§ Collected data entries
►
lemma left_half_bound:
  assumes "\<alpha> > 0" and ba: "b - a = 2 * k"
  shows "\<bar>f (a + k) * (LBINT t:{a..a + k}. (t - a) powr (\<alpha> - 1) * g t)
            - (LBINT t:{a..a + k}. (t - a) powr (\<alpha> - 1) * (f t * g t))\<bar>
         \<le> N * (\<bar>f' a\<bar> * k powr (\<alpha> + 1) / (\<alpha> * (\<alpha> + 1))
                + (\<bar>f' b\<bar> - \<bar>f' a\<bar>) / (4 * k) * (2 * k powr (\<alpha> + 2) / (\<alpha> * (\<alpha> + 2))))"
proof (rule weighted_deviation_bound)
  have "k > 0"
    using a_less_b ba by simp
  then show "(\<lambda>t. (t - a) powr (\<alpha> - 1)) integrable_on {a..a + k}"
    using power_moment_left [OF assms(1), of k a 0] by auto
  show "\<bar>f (a + k) - f t\<bar> \<le> \<bar>f' a\<bar> * (k - (t - a)) + (\<bar>f' b\<bar> - \<bar>f' a\<bar>) / (4 * k) * (k\<^sup>2 - (t - a)\<^sup>2)"
    if "t \<in> {a..a + k}" for t
    using convex_deriv_increment_bound [OF a_less_b deriv convex, of t "a + k"]
      chord_primitive_midpoint(1) [OF ba \<open>k > 0\<close>, of "\<lambda>s. \<bar>f' s\<bar>" t] that ba \<open>k > 0\<close>
    by auto
  show "((\<lambda>t. (t - a) powr (\<alpha> - 1) * (\<bar>f' a\<bar> * (k - (t - a))
            + (\<bar>f' b\<bar> - \<bar>f' a\<bar>) / (4 * k) * (k\<^sup>2 - (t - a)\<^sup>2))) has_integral
          \<bar>f' a\<bar> * k powr (\<alpha> + 1) / (\<alpha> * (\<alpha> + 1))
          + (\<bar>f' b\<bar> - \<bar>f' a\<bar>) / (4 * k) * (2 * k powr (\<alpha> + 2) / (\<alpha> * (\<alpha> + 2)))) {a..a + k}"
    using \<open>k > 0\<close> by (intro kernel_integral power_moment_left assms(1)) auto
qed (use ba f_continuous g g_bound in \<open>auto intro: continuous_on_subset\<close>)

lemma right_half_bound:
  assumes "\<alpha> > 0" and ba: "b - a = 2 * k"
  shows "\<bar>f (b - k) * (LBINT t:{b - k..b}. (b - t) powr (\<alpha> - 1) * g t)
            - (LBINT t:{b - k..b}. (b - t) powr (\<alpha> - 1) * (f t * g t))\<bar>
         \<le> N * (\<bar>f' b\<bar> * k powr (\<alpha> + 1) / (\<alpha> * (\<alpha> + 1))
                - (\<bar>f' b\<bar> - \<bar>f' a\<bar>) / (4 * k) * (2 * k powr (\<alpha> + 2) / (\<alpha> * (\<alpha> + 2))))"
  unfolding diff_conv_add_uminus [of _ "_ * (2 * _ / _)"] minus_mult_left
proof (rule weighted_deviation_bound)
  have "k > 0"
    using a_less_b ba by simp
  then show "(\<lambda>t. (b - t) powr (\<alpha> - 1)) integrable_on {b - k..b}"
    using power_moment_right [OF assms(1), of k b 0] by auto
  have mid: "b - k = a + k"
    using ba by simp
  show "\<bar>f (b - k) - f t\<bar> \<le> \<bar>f' b\<bar> * (k - (b - t)) + - ((\<bar>f' b\<bar> - \<bar>f' a\<bar>) / (4 * k)) * (k\<^sup>2 - (b - t)\<^sup>2)"
    if "t \<in> {b - k..b}" for t
    using convex_deriv_increment_bound [OF a_less_b deriv convex, of "a + k" t]
      chord_primitive_midpoint(2) [OF ba \<open>k > 0\<close>, of "\<lambda>s. \<bar>f' s\<bar>" t] that ba \<open>k > 0\<close>
    by (auto simp: mid abs_minus_commute)
  show "((\<lambda>t. (b - t) powr (\<alpha> - 1) * (\<bar>f' b\<bar> * (k - (b - t))
            + - ((\<bar>f' b\<bar> - \<bar>f' a\<bar>) / (4 * k)) * (k\<^sup>2 - (b - t)\<^sup>2))) has_integral
          \<bar>f' b\<bar> * k powr (\<alpha> + 1) / (\<alpha> * (\<alpha> + 1))
          + - ((\<bar>f' b\<bar> - \<bar>f' a\<bar>) / (4 * k)) * (2 * k powr (\<alpha> + 2) / (\<alpha> * (\<alpha> + 2)))) {b - k..b}"
    using \<open>k > 0\<close> by (intro kernel_integral power_moment_right assms(1)) auto
qed (use ba f_continuous g g_bound in \<open>auto intro: continuous_on_subset\<close>)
◄
§ TASK DIRECTIONS
The entire set of entries, and nothing else, should be set down exactly.

§ ANSWER SECTION
lemma left_half_bound:
  assumes "\<alpha> > 0" and ba: "b - a = 2 * k"
  shows "\<bar>f (a + k) * (LBINT t:{a..a + k}. (t - a) powr (\<alpha> - 1) * g t)
            - (LBINT t:{a..a + k}. (t - a) powr (\<alpha> - 1) * (f t * g t))\<bar>
         \<le> N * (\<bar>f' a\<bar> * k powr (\<alpha> + 1) / (\<alpha> * (\<alpha> + 1))
                + (\<bar>f' b\<bar> - \<bar>f' a\<bar>) / (4 * k) * (2 * k powr (\<alpha> + 2) / (\<alpha> * (\<alpha> + 2))))"
proof (rule weighted_deviation_bound)
  have "k > 0"
    using a_less_b ba by simp
  then show "(\<lambda>t. (t - a) powr (\<alpha> - 1)) integrable_on {a..a + k}"
    using power_moment_left [OF assms(1), of k a 0] by auto
  show "\<bar>f (a + k) - f t\<bar> \<le> \<bar>f' a\<bar> * (k - (t - a)) + (\<bar>f' b\<bar> - \<bar>f' a\<bar>) / (4 * k) * (k\<^sup>2 - (t - a)\<^sup>2)"
    if "t \<in> {a..a + k}" for t
    using convex_deriv_increment_bound [OF a_less_b deriv convex, of t "a + k"]
      chord_primitive_midpoint(1) [OF ba \<open>k > 0\<close>, of "\<lambda>s. \<bar>f' s\<bar>" t] that ba \<open>k > 0\<close>
    by auto
  show "((\<lambda>t. (t - a) powr (\<alpha> - 1) * (\<bar>f' a\<bar> * (k - (t - a))
            + (\<bar>f' b\<bar> - \<bar>f' a\<bar>) / (4 * k) * (k\<^sup>2 - (t - a)\<^sup>2))) has_integral
          \<bar>f' a\<bar> * k powr (\<alpha> + 1) / (\<alpha> * (\<alpha> + 1))
          + (\<bar>f' b\<bar> - \<bar>f' a\<bar>) / (4 * k) * (2 * k powr (\<alpha> + 2) / (\<alpha> * (\<alpha> + 2)))) {a..a + k}"
    using \<open>k > 0\<close> by (intro kernel_integral power_moment_left assms(1)) auto
qed (use ba f_continuous g g_bound in \<open>auto intro: continuous_on_subset\<close>)

lemma right_half_bound:
  assumes "\<alpha> > 0" and ba: "b - a = 2 * k"
  shows "\<bar>f (b - k) * (LBINT t:{b - k..b}. (b - t) powr (\<alpha> - 1) * g t)
            - (LBINT t:{b - k..b}. (b - t) powr (\<alpha> - 1) * (f t * g t))\<bar>
         \<le> N * (\<bar>f' b\<bar> * k powr (\<alpha> + 1) / (\<alpha> * (\<alpha> + 1))
                - (\<bar>f' b\<bar> - \<bar>f' a\<bar>) / (4 * k) * (2 * k powr (\<alpha> + 2) / (\<alpha> * (\<alpha> + 2))))"
  unfolding diff_conv_add_uminus [of _ "_ * (2 * _ / _)"] minus_mult_left
proof (rule weighted_deviation_bound)
  have "k > 0"
    using a_less_b ba by simp
  then show "(\<lambda>t. (b - t) powr (\<alpha> - 1)) integrable_on {b - k..b}"
    using power_moment_right [OF assms(1), of k b 0] by auto
  have mid: "b - k = a + k"
    using ba by simp
  show "\<bar>f (b - k) - f t\<bar> \<le> \<bar>f' b\<bar> * (k - (b - t)) + - ((\<bar>f' b\<bar> - \<bar>f' a\<bar>) / (4 * k)) * (k\<^sup>2 - (b - t)\<^sup>2)"
    if "t \<in> {b - k..b}" for t
    using convex_deriv_increment_bound [OF a_less_b deriv convex, of "a + k" t]
      chord_primitive_midpoint(2) [OF ba \<open>k > 0\<close>, of "\<lambda>s. \<bar>f' s\<bar>" t] that ba \<open>k > 0\<close>
    by (auto simp: mid abs_minus_commute)
  show "((\<lambda>t. (b - t) powr (\<alpha> - 1) * (\<bar>f' b\<bar> * (k - (b - t))
            + - ((\<bar>f' b\<bar> - \<bar>f' a\<bar>) / (4 * k)) * (k\<^sup>2 - (b - t)\<^sup>2))) has_integral
          \<bar>f' b\<bar> * k powr (\<alpha> + 1) / (\<alpha> * (\<alpha> + 1))
          + - ((\<bar>f' b\<bar> - \<bar>f' a\<bar>) / (4 * k)) * (2 * k powr (\<alpha> + 2) / (\<alpha> * (\<alpha> + 2)))) {b - k..b}"
    using \<open>k > 0\<close> by (intro kernel_integral power_moment_right assms(1)) auto
qed (use ba f_continuous g g_bound in \<open>auto intro: continuous_on_subset\<close>)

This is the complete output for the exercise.